text \<open>The hypothesis on \<open>X\<close> says \<open>X = \<Sum>k. (y\<^sub>k + \<i> z\<^sub>k) \<sigma>\<^sub>k\<close> with \<open>\<sigma>\<^sub>0 = 1\<close>;
  in the determinant, \<open>(w1, w2, w3)\<close> is the cross product of \<open>(y1, y2, y3)\<close> and \<open>(z1, z2, z3)\<close>.\<close>

lemma schwarz_defect_pauli_diag_hermitian:
  fixes y0 y1 y2 y3 z0 z1 z2 z3 l1 l2 l3 :: real
  assumes X: "X = cmat (Complex (y0+y3) (z0+z3)) (Complex (y1+z2) (z1-y2))
                       (Complex (y1-z2) (z1+y2)) (Complex (y0-y3) (z0-z3))"
  defines "D \<equiv> schwarz_defect (pauli_diag 1 l1 l2 l3) X"
  shows "Im (D$1$1) = 0" "Im (D$2$2) = 0" "D$2$1 = cnj (D$1$2)"
    "Re (D$1$1) + Re (D$2$2) =
       2 * ((1-l1^2)*(y1^2+z1^2) + (1-l2^2)*(y2^2+z2^2) + (1-l3^2)*(y3^2+z3^2))"
  unfolding D_def X schwarz_defect_def
  by (simp_all add: pauli_diag_def complex_eq_iff field_simps power2_eq_square)
text \<open>If \<open>l^k m = l'^k m'\<close> for two exponents \<open>k\<^sub>1 < k\<^sub>2\<close>, then \<open>l^d = l'^d\<close> for
  \<open>d = k\<^sub>2 - k\<^sub>1\<close>.\<close>
lemma power_collision_unique:
  fixes l l' m m' :: "'a::idom"
  assumes nz: "l \<noteq> 0" "m \<noteq> 0"
    and no_torsion: "\<And>d. d \<ge> 1 \<Longrightarrow> l ^ d = l' ^ d \<Longrightarrow> l = l'" and "l \<noteq> l'"
    and eq1: "l ^ k1 * m = l' ^ k1 * m'" and eq2: "l ^ k2 * m = l' ^ k2 * m'"
  shows "k1 = k2"
proof -
  have False if "a < b" and eqa: "l ^ a * m = l' ^ a * m'" and eqb: "l ^ b * m = l' ^ b * m'"
    for a b :: nat
  proof -
    define d where "d = b - a"
    have b: "b = a + d" and "d \<ge> 1" using \<open>a < b\<close> by (auto simp: d_def)
    have "l ^ d * (l ^ a * m) = l' ^ d * (l' ^ a * m')"
      using eqb by (simp add: b power_add algebra_simps)
    also have "\<dots> = l' ^ d * (l ^ a * m)" using eqa by simp
    finally have "l ^ d = l' ^ d" using nz by simp
    with no_torsion \<open>d \<ge> 1\<close> \<open>l \<noteq> l'\<close> show False by blast
  qed
  with eq1 eq2 show "k1 = k2" by (metis linorder_neqE_nat)
qed

text \<open>Each quadruple with \<open>l \<noteq> l'\<close> excludes at most one \<open>k\<close>.\<close>
lemma exists_injective_power_map:
  fixes S T :: "'a::idom set"
  assumes "finite S" "finite T" "0 \<notin> S" "0 \<notin> T"
    and no_torsion: "\<And>l l' d. l \<in> S \<Longrightarrow> l' \<in> S \<Longrightarrow> d \<ge> 1 \<Longrightarrow> l ^ d = l' ^ d \<Longrightarrow> l = l'"
  shows "\<exists>k::nat. k \<ge> 1 \<and> inj_on (\<lambda>(l, m). l ^ k * m) (S \<times> T)"
proof -
  define bad :: "'a \<times> 'a \<times> 'a \<times> 'a \<Rightarrow> nat set"
    where "bad = (\<lambda>(l, l', m, m'). {k::nat. l \<noteq> l' \<and> l ^ k * m = l' ^ k * m'})"
  have finite_bad: "finite (bad (l, l', m, m'))" if "l \<in> S" "l' \<in> S" "m \<in> T" for l l' m m'
  proof -
    have unique: "k1 = k2" if "k1 \<in> bad (l, l', m, m')" "k2 \<in> bad (l, l', m, m')" for k1 k2
      using that \<open>l \<in> S\<close> \<open>l' \<in> S\<close> \<open>m \<in> T\<close> assms(3,4)
      by (intro power_collision_unique[of l m l' _ m']) (auto simp: bad_def intro: no_torsion)
    show ?thesis
    proof (cases "bad (l, l', m, m') = {}")
      case False
      then obtain k where "k \<in> bad (l, l', m, m')" by blast
      with unique have "bad (l, l', m, m') \<subseteq> {k}" by blast
      then show ?thesis by (rule finite_subset) simp
    qed simp
  qed
  have "finite (\<Union>x\<in>S \<times> S \<times> T \<times> T. bad x)"
    using assms(1,2) finite_bad by (intro finite_UN_I) auto
  then obtain k where k: "k \<notin> insert 0 (\<Union>x\<in>S \<times> S \<times> T \<times> T. bad x)"
    using ex_new_if_finite[OF infinite_UNIV_nat] by blast
  have "inj_on (\<lambda>(l, m). l ^ k * m) (S \<times> T)"
  proof (rule inj_onI, clarify)
    fix l m l' m' assume "l \<in> S" "m \<in> T" "l' \<in> S" "m' \<in> T" and eq: "l ^ k * m = l' ^ k * m'"
    then have "l = l'" using k by (auto simp: bad_def)
    then show "l = l' \<and> m = m'" using eq \<open>l \<in> S\<close> assms(3) by auto
  qed
  moreover have "k \<ge> 1" using k by simp
  ultimately show ?thesis by blast
qed
lemma second_derivative_nonpos_at_max:
  fixes h h' :: "real \<Rightarrow> real"
  assumes h': "\<And>t. (h has_real_derivative h' t) (at t)"
    and h'': "(h' has_real_derivative c) (at 0)"
    and max: "\<And>t. h t \<le> h 0"
  shows "c \<le> 0"
proof (rule ccontr)
  assume "\<not> c \<le> 0"
  then obtain e where e: "e > 0" "\<And>k. 0 < k \<Longrightarrow> k < e \<Longrightarrow> h' 0 < h' k"
    using DERIV_pos_inc_right[OF h''] by force
  have "h' 0 = 0"
    by (rule DERIV_local_max[OF h', of 1]) (use max in auto)
  obtain z where z: "0 < z" "z < e / 2" "h (e / 2) - h 0 = e / 2 * h' z"
    using MVT2[of 0 "e / 2" h h'] h' e(1) by auto
  have "h' z > 0"
    using e z \<open>h' 0 = 0\<close> by force
  with e(1) z(3) have "h (e / 2) - h 0 > 0"
    by (simp only:) (simp add: mult_pos_pos)
  with max show False by (simp add: not_le[symmetric])
qed

definition quadratic_form :: "('n::finite \<Rightarrow> 'n \<Rightarrow> real) \<Rightarrow> ('n \<Rightarrow> real) \<Rightarrow> real" where
  "quadratic_form A w = (\<Sum>i\<in>UNIV. \<Sum>j\<in>UNIV. w i * w j * A i j)"

lemma quadratic_form_two_axes:
  fixes A :: "'n::finite \<Rightarrow> 'n \<Rightarrow> real"
  shows "quadratic_form A (\<lambda>k. (if k = i then a else 0) + (if k = j then b else 0))
    = a\<^sup>2 * A i i + a * b * (A i j + A j i) + b\<^sup>2 * A j j"
proof -
  have row: "(\<Sum>l\<in>UNIV. ((if l = i then a else 0) + (if l = j then b else 0)) * f l) = a * f i + b * f j"
    for f :: "'n \<Rightarrow> real"
    by (simp add: distrib_right sum.distrib if_distrib[where f="\<lambda>c. c * _"] cong: if_cong)
  have "quadratic_form A (\<lambda>k. (if k = i then a else 0) + (if k = j then b else 0))
    = (\<Sum>k\<in>UNIV. ((if k = i then a else 0) + (if k = j then b else 0)) * (a * A k i + b * A k j))"
    unfolding quadratic_form_def
    by (simp add: mult.assoc sum_distrib_left[symmetric] row)
  also have "\<dots> = a * (a * A i i + b * A i j) + b * (a * A j i + b * A j j)"
    by (rule row)
  finally show ?thesis by (simp add: power2_eq_square algebra_simps)
qed

lemma quadratic_form_nonneg_imp_diag_nonneg:
  assumes "\<forall>w. 0 \<le> quadratic_form A w"
  shows "0 \<le> A i i"
proof -
  have "0 \<le> quadratic_form A (\<lambda>k. (if k = i then 1 else 0) + (if k = i then 0 else 0))"
    using assms by blast
  then show ?thesis
    unfolding quadratic_form_two_axes by simp
qed

lemma quadratic_form_le_trace:
  fixes A :: "'n::finite \<Rightarrow> 'n \<Rightarrow> real"
  assumes psd: "\<forall>w. 0 \<le> quadratic_form A w"
  shows "quadratic_form A v \<le> (\<Sum>i\<in>UNIV. (v i)\<^sup>2) * (\<Sum>i\<in>UNIV. A i i)"
proof -
  define S where "S = (\<Sum>i\<in>UNIV. (v i)\<^sup>2)"
  define T where "T = (\<Sum>i\<in>UNIV. A i i)"
  have pair: "v i * v j * (A i j + A j i) \<le> (v j)\<^sup>2 * A i i + (v i)\<^sup>2 * A j j" for i j
  proof -
    have "0 \<le> quadratic_form A (\<lambda>k. (if k = i then v j else 0) + (if k = j then - v i else 0))"
      using psd by blast
    then show ?thesis
      unfolding quadratic_form_two_axes by (simp add: power2_eq_square algebra_simps)
  qed
  have "(\<Sum>i\<in>UNIV. \<Sum>j\<in>UNIV. v i * v j * A j i) = quadratic_form A v"
    unfolding quadratic_form_def by (subst sum.swap) (simp add: ac_simps)
  then have "2 * quadratic_form A v = (\<Sum>i\<in>UNIV. \<Sum>j\<in>UNIV. v i * v j * (A i j + A j i))"
    by (simp add: distrib_left sum.distrib quadratic_form_def)
  also have "\<dots> \<le> (\<Sum>i\<in>UNIV. \<Sum>j\<in>UNIV. (v j)\<^sup>2 * A i i + (v i)\<^sup>2 * A j j)"
    by (intro sum_mono pair)
  also have "\<dots> = (\<Sum>i\<in>UNIV. S * A i i + (v i)\<^sup>2 * T)"
    by (simp add: S_def T_def sum.distrib sum_distrib_left sum_distrib_right)
  also have "\<dots> = S * T + S * T"
    by (simp only: sum.distrib sum_distrib_left[symmetric] sum_distrib_right[symmetric]
        S_def[symmetric] T_def[symmetric])
  finally have "quadratic_form A v \<le> S * T" by simp
  then show ?thesis unfolding S_def T_def .
qed

text \<open>The left-hand side is \<open>tr(a D)\<close> for \<open>a = I - v v\<^sup>T / (1 + |v|\<^sup>2)\<close>.\<close>

lemma trace_sub_quadratic_form_le:
  fixes D :: "'n::finite \<Rightarrow> 'n \<Rightarrow> real"
  assumes D: "\<forall>w. quadratic_form D w \<le> c * (\<Sum>i\<in>UNIV. (w i)\<^sup>2)" and "0 \<le> c"
  shows "(\<Sum>i\<in>UNIV. D i i) - quadratic_form D v / (1 + (\<Sum>i\<in>UNIV. (v i)\<^sup>2)) \<le> c * CARD('n)"
proof -
  define A where "A = (\<lambda>i j. (if i = j then c else 0) - D i j)"
  define S where "S = (\<Sum>i\<in>UNIV. (v i)\<^sup>2)"
  define trD where "trD = (\<Sum>i\<in>UNIV. D i i)"
  have A_form: "quadratic_form A w = c * (\<Sum>i\<in>UNIV. (w i)\<^sup>2) - quadratic_form D w" for w
  proof -
    have "(\<Sum>j\<in>UNIV. w i * w j * A i j) = c * (w i)\<^sup>2 - (\<Sum>j\<in>UNIV. w i * w j * D i j)" for i
      by (simp add: A_def right_diff_distrib sum_subtractf power2_eq_square
          if_distrib[where f="\<lambda>x. _ * x"] cong: if_cong)
    then show ?thesis
      by (simp add: quadratic_form_def sum_subtractf sum_distrib_left)
  qed
  have A_psd: "\<forall>w. 0 \<le> quadratic_form A w"
    using D by (simp add: A_form)
  have trace_A: "(\<Sum>i\<in>UNIV. A i i) = c * CARD('n) - trD"
    by (simp add: A_def trD_def sum_subtractf)
  have "trD \<le> c * CARD('n)"
    using quadratic_form_nonneg_imp_diag_nonneg[OF A_psd] trace_A by (metis sum_nonneg diff_ge_0_iff_ge)
  moreover have "c * S - quadratic_form D v \<le> S * (c * CARD('n) - trD)"
    using quadratic_form_le_trace[OF A_psd, of v] by (simp add: A_form S_def trace_A)
  moreover have "0 \<le> S" "0 \<le> c * S"
    using \<open>0 \<le> c\<close> by (simp_all add: S_def sum_nonneg)
  ultimately have "trD * (1 + S) - quadratic_form D v \<le> c * CARD('n) * (1 + S)"
    by (simp add: algebra_simps)
  moreover have "1 + S > 0"
    using \<open>0 \<le> S\<close> by simp
  ultimately show ?thesis
    by (simp add: trD_def S_def field_simps)
qed

definition hessian :: "(real^'m::finite \<Rightarrow> real) \<Rightarrow> real^'m \<Rightarrow> 'm \<Rightarrow> 'm \<Rightarrow> real" where
  "hessian u x i j = partial i (partial j u) x"

lemma norm_vec_squared: "(norm (z::real^'m::finite))\<^sup>2 = (\<Sum>j\<in>UNIV. (z$j)\<^sup>2)"
  by (simp only: power2_norm_eq_inner) (simp add: inner_vec_def power2_eq_square)

lemma has_real_derivative_normalized_component:
  fixes G :: "'m::finite \<Rightarrow> real \<Rightarrow> real"
  assumes "\<And>j. (G j has_real_derivative G' j) (at 0)"
  defines "W \<equiv> sqrt (1 + (\<Sum>j\<in>UNIV. (G j 0)\<^sup>2))"
  shows "((\<lambda>t. G i t / sqrt (1 + (\<Sum>j\<in>UNIV. (G j t)\<^sup>2))) has_real_derivative
     G' i / W - G i 0 * (\<Sum>j\<in>UNIV. G j 0 * G' j) / W ^ 3) (at 0)"
proof -
  define X where "X = 1 + (\<Sum>j\<in>UNIV. (G j 0)\<^sup>2)"
  have "X > 0" unfolding X_def by (simp add: add_pos_nonneg sum_nonneg)
  have "sqrt X ^ 3 = X * sqrt X"
    using \<open>X > 0\<close> by (simp add: power3_eq_cube power2_eq_square[symmetric])
  moreover have "(\<Sum>j\<in>UNIV. 2 * (G' j * G j 0)) = 2 * (\<Sum>j\<in>UNIV. G j 0 * G' j)"
    by (simp add: sum_distrib_left ac_simps)
  ultimately show ?thesis
    using \<open>X > 0\<close> unfolding W_def X_def[symmetric]
    apply (auto intro!: derivative_eq_intros assms simp: X_def[symmetric])
    by (simp add: field_simps)
qed

lemma graphical_translator_hessian_equation:
  fixes u :: "real^'m::finite \<Rightarrow> real"
  assumes "graphical_translator u" and "\<And>j. partial j u differentiable (at x)"
  shows "(\<Sum>i\<in>UNIV. hessian u x i i) - quadratic_form (hessian u x) (\<lambda>i. partial i u x)
      / (1 + (\<Sum>i\<in>UNIV. (partial i u x)\<^sup>2)) = 1"
proof -
  define D where "D = hessian u x"
  define v where "v = (\<lambda>j. partial j u x)"
  define S where "S = (\<Sum>i\<in>UNIV. (v i)\<^sup>2)"
  define W where "W = sqrt (1 + S)"
  have "S \<ge> 0" by (simp add: S_def sum_nonneg)
  then have "W > 0" "W\<^sup>2 = 1 + S" by (simp_all add: W_def)
  have component: "partial i (\<lambda>y. ((1 / sqrt (1 + (norm (grad u y))\<^sup>2)) *\<^sub>R grad u y) $ i) x
      = D i i / W - v i * (\<Sum>j\<in>UNIV. v j * D i j) / W ^ 3" for i
  proof -
    define G where "G = (\<lambda>j t. partial j u (x + t *\<^sub>R axis i 1))"
    have "((\<lambda>t. G i t / sqrt (1 + (\<Sum>j\<in>UNIV. (G j t)\<^sup>2))) has_real_derivative
        D i i / W - v i * (\<Sum>j\<in>UNIV. v j * D i j) / W ^ 3) (at 0)"
      using has_real_derivative_normalized_component[of G "D i"]
        partial_has_real_derivative[OF assms(2)]
      by (simp add: G_def D_def hessian_def v_def W_def S_def)
    moreover have "(\<lambda>t. ((1 / sqrt (1 + (norm (grad u (x + t *\<^sub>R axis i 1)))\<^sup>2))
        *\<^sub>R grad u (x + t *\<^sub>R axis i 1)) $ i)
      = (\<lambda>t. G i t / sqrt (1 + (\<Sum>j\<in>UNIV. (G j t)\<^sup>2)))"
      by (simp add: norm_vec_squared grad_def G_def)
    ultimately show ?thesis
      unfolding partial_def by (simp add: DERIV_imp_deriv)
  qed
  have W_grad: "sqrt (1 + (norm (grad u x))\<^sup>2) = W"
    by (simp add: norm_vec_squared grad_def W_def S_def v_def)
  have "divergence (\<lambda>y. (1 / sqrt (1 + (norm (grad u y))\<^sup>2)) *\<^sub>R grad u y) x
      = 1 / sqrt (1 + (norm (grad u x))\<^sup>2)"
    using assms(1) unfolding graphical_translator_def by blast
  then have "(\<Sum>i\<in>UNIV. D i i / W - v i * (\<Sum>j\<in>UNIV. v j * D i j) / W ^ 3) = 1 / W"
    unfolding divergence_def component W_grad .
  moreover have "(\<Sum>i\<in>UNIV. D i i / W - v i * (\<Sum>j\<in>UNIV. v j * D i j) / W ^ 3)
      = ((\<Sum>i\<in>UNIV. D i i) - quadratic_form D v / W\<^sup>2) / W"
    by (simp add: quadratic_form_def sum_subtractf sum_divide_distrib sum_distrib_left
        diff_divide_distrib power2_eq_square power3_eq_cube ac_simps)
  ultimately have "(\<Sum>i\<in>UNIV. D i i) - quadratic_form D v / W\<^sup>2 = 1"
    using \<open>W > 0\<close> by simp
  then show ?thesis
    using \<open>W\<^sup>2 = 1 + S\<close> by (simp add: D_def v_def S_def)
qed

lemma powr_sub_square_eventually_less:
  fixes C \<alpha> \<epsilon> K :: real
  assumes "C > 0" "\<alpha> < 2" "\<epsilon> > 0"
  shows "\<exists>T\<ge>1. \<forall>t\<ge>T. C * t powr \<alpha> - \<epsilon> * t\<^sup>2 < K"
proof -
  define \<delta> where "\<delta> = max \<alpha> 0"
  have \<delta>: "\<delta> < 2" "0 \<le> \<delta>" "\<alpha> \<le> \<delta>" using assms by (auto simp: \<delta>_def)
  define L where "L = (\<bar>K\<bar> + C + 1) / \<epsilon>"
  have "L > 0" using assms by (simp add: L_def)
  define T where "T = max 1 (L powr (1 / (2 - \<delta>)))"
  show ?thesis
  proof (intro exI[of _ T] conjI allI impI)
    show "1 \<le> T" by (simp add: T_def)
    fix t assume "T \<le> t"
    then have "1 \<le> t" "L powr (1 / (2 - \<delta>)) \<le> t" by (simp_all add: T_def)
    then have "(L powr (1 / (2 - \<delta>))) powr (2 - \<delta>) \<le> t powr (2 - \<delta>)"
      using \<delta> \<open>L > 0\<close> by (intro powr_mono2) auto
    then have "L \<le> t powr (2 - \<delta>)" using \<delta> \<open>L > 0\<close> by (simp add: powr_powr)
    then have "\<bar>K\<bar> + C + 1 \<le> \<epsilon> * t powr (2 - \<delta>)"
      using assms(3) by (simp add: L_def field_simps)
    moreover have "t powr \<alpha> \<le> t powr \<delta>" "1 \<le> t powr \<delta>"
      using \<open>1 \<le> t\<close> \<delta> by (simp_all add: powr_mono ge_one_powr_ge_zero)
    moreover have "t\<^sup>2 = t powr \<delta> * t powr (2 - \<delta>)"
      using \<open>1 \<le> t\<close> by (simp add: powr_add[symmetric] powr_numeral)
    ultimately have "C * t powr \<alpha> - \<epsilon> * t\<^sup>2 \<le> t powr \<delta> * (C - \<epsilon> * t powr (2 - \<delta>))"
      using assms(1) by (simp add: algebra_simps)
    also have "\<dots> \<le> t powr \<delta> * (- \<bar>K\<bar> - 1)"
      using \<open>\<bar>K\<bar> + C + 1 \<le> \<epsilon> * t powr (2 - \<delta>)\<close> by (intro mult_left_mono) auto
    also have "\<dots> \<le> - \<bar>K\<bar> - 1"
      using \<open>1 \<le> t powr \<delta>\<close> mult_right_mono_neg[of 1 "t powr \<delta>" "- \<bar>K\<bar> - 1"] by simp
    finally show "C * t powr \<alpha> - \<epsilon> * t\<^sup>2 < K" by linarith
  qed
qed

• • • • • • •

-- Exercise description --
Copy every line above that includes the string "defines".

-- Final answer --
  defines "D \<equiv> schwarz_defect (pauli_diag 1 l1 l2 l3) X"
  defines "W \<equiv> sqrt (1 + (\<Sum>j\<in>UNIV. (G j 0)\<^sup>2))"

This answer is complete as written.